(Stored data entries):
§ §

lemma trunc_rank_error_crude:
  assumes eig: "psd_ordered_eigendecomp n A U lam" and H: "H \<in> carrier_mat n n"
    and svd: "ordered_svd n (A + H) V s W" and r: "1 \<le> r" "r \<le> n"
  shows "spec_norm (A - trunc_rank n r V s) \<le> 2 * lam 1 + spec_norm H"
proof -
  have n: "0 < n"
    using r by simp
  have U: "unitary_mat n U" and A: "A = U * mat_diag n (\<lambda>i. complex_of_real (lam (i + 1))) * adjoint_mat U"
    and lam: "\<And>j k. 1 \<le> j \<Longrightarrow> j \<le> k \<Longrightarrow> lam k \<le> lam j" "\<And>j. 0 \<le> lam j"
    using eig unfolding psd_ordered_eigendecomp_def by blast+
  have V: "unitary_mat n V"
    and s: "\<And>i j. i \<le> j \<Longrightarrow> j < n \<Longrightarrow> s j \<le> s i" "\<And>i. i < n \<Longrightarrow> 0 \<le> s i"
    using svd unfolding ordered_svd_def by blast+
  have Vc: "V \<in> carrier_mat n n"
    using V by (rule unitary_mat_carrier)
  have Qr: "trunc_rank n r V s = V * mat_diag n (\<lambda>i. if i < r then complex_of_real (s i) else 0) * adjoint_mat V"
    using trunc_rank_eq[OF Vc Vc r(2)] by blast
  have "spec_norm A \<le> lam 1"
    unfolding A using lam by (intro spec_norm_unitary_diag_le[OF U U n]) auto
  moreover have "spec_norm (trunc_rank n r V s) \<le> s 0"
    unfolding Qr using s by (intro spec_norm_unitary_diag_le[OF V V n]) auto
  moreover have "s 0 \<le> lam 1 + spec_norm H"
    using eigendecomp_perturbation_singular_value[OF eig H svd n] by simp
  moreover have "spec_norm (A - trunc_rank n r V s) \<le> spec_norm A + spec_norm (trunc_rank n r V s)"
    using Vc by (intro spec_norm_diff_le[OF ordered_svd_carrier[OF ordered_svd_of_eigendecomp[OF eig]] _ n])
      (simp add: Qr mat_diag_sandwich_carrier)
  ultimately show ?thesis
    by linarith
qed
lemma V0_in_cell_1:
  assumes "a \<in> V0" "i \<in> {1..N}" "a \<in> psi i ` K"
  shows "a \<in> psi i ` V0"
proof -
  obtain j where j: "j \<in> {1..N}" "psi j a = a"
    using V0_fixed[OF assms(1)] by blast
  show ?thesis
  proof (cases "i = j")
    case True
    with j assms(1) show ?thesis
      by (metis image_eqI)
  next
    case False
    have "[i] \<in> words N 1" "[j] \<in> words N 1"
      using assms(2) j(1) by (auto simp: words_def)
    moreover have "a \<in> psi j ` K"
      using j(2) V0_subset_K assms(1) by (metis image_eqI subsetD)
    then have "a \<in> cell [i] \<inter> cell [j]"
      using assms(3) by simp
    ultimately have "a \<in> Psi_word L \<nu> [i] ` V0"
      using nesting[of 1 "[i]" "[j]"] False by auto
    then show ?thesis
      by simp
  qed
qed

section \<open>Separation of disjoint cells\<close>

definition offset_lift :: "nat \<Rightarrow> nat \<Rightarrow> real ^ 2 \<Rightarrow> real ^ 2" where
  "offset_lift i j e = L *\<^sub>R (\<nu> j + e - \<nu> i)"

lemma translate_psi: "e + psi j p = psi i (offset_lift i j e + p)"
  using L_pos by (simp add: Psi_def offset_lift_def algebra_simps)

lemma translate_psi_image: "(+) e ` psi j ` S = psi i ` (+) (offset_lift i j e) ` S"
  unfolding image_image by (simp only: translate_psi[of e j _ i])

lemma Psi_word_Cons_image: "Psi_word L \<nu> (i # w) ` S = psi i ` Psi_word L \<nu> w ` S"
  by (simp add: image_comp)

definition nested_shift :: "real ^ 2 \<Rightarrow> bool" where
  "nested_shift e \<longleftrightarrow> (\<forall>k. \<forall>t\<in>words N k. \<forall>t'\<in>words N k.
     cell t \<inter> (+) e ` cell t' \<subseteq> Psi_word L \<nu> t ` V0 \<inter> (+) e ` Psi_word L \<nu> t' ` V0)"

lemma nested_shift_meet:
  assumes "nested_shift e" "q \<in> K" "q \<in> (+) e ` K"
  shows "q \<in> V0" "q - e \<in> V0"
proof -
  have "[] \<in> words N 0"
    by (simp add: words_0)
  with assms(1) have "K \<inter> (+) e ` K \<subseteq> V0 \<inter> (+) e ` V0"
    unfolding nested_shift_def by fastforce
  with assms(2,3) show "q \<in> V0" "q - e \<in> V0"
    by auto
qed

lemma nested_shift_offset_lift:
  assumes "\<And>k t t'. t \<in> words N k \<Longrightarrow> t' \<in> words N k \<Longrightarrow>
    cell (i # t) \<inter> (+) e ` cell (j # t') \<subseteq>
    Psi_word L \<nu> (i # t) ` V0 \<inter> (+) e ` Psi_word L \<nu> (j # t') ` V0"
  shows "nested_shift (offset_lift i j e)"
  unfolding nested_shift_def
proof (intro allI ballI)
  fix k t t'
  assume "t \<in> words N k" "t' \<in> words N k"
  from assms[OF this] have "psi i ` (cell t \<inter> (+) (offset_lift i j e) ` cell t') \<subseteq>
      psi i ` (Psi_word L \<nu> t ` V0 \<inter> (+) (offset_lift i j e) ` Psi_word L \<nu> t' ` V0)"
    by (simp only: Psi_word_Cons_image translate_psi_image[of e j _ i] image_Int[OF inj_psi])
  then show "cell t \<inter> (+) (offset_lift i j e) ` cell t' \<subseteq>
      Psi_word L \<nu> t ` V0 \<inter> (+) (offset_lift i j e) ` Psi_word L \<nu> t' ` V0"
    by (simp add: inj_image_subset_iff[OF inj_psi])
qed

§ §

(Work order): Show all lines above containing "assumes".

(Answer box):
  assumes eig: "psd_ordered_eigendecomp n A U lam" and H: "H \<in> carrier_mat n n"
  assumes "a \<in> V0" "i \<in> {1..N}" "a \<in> psi i ` K"
  assumes "nested_shift e" "q \<in> K" "q \<in> (+) e ` K"
  assumes "\<And>k t t'. t \<in> words N k \<Longrightarrow> t' \<in> words N k \<Longrightarrow>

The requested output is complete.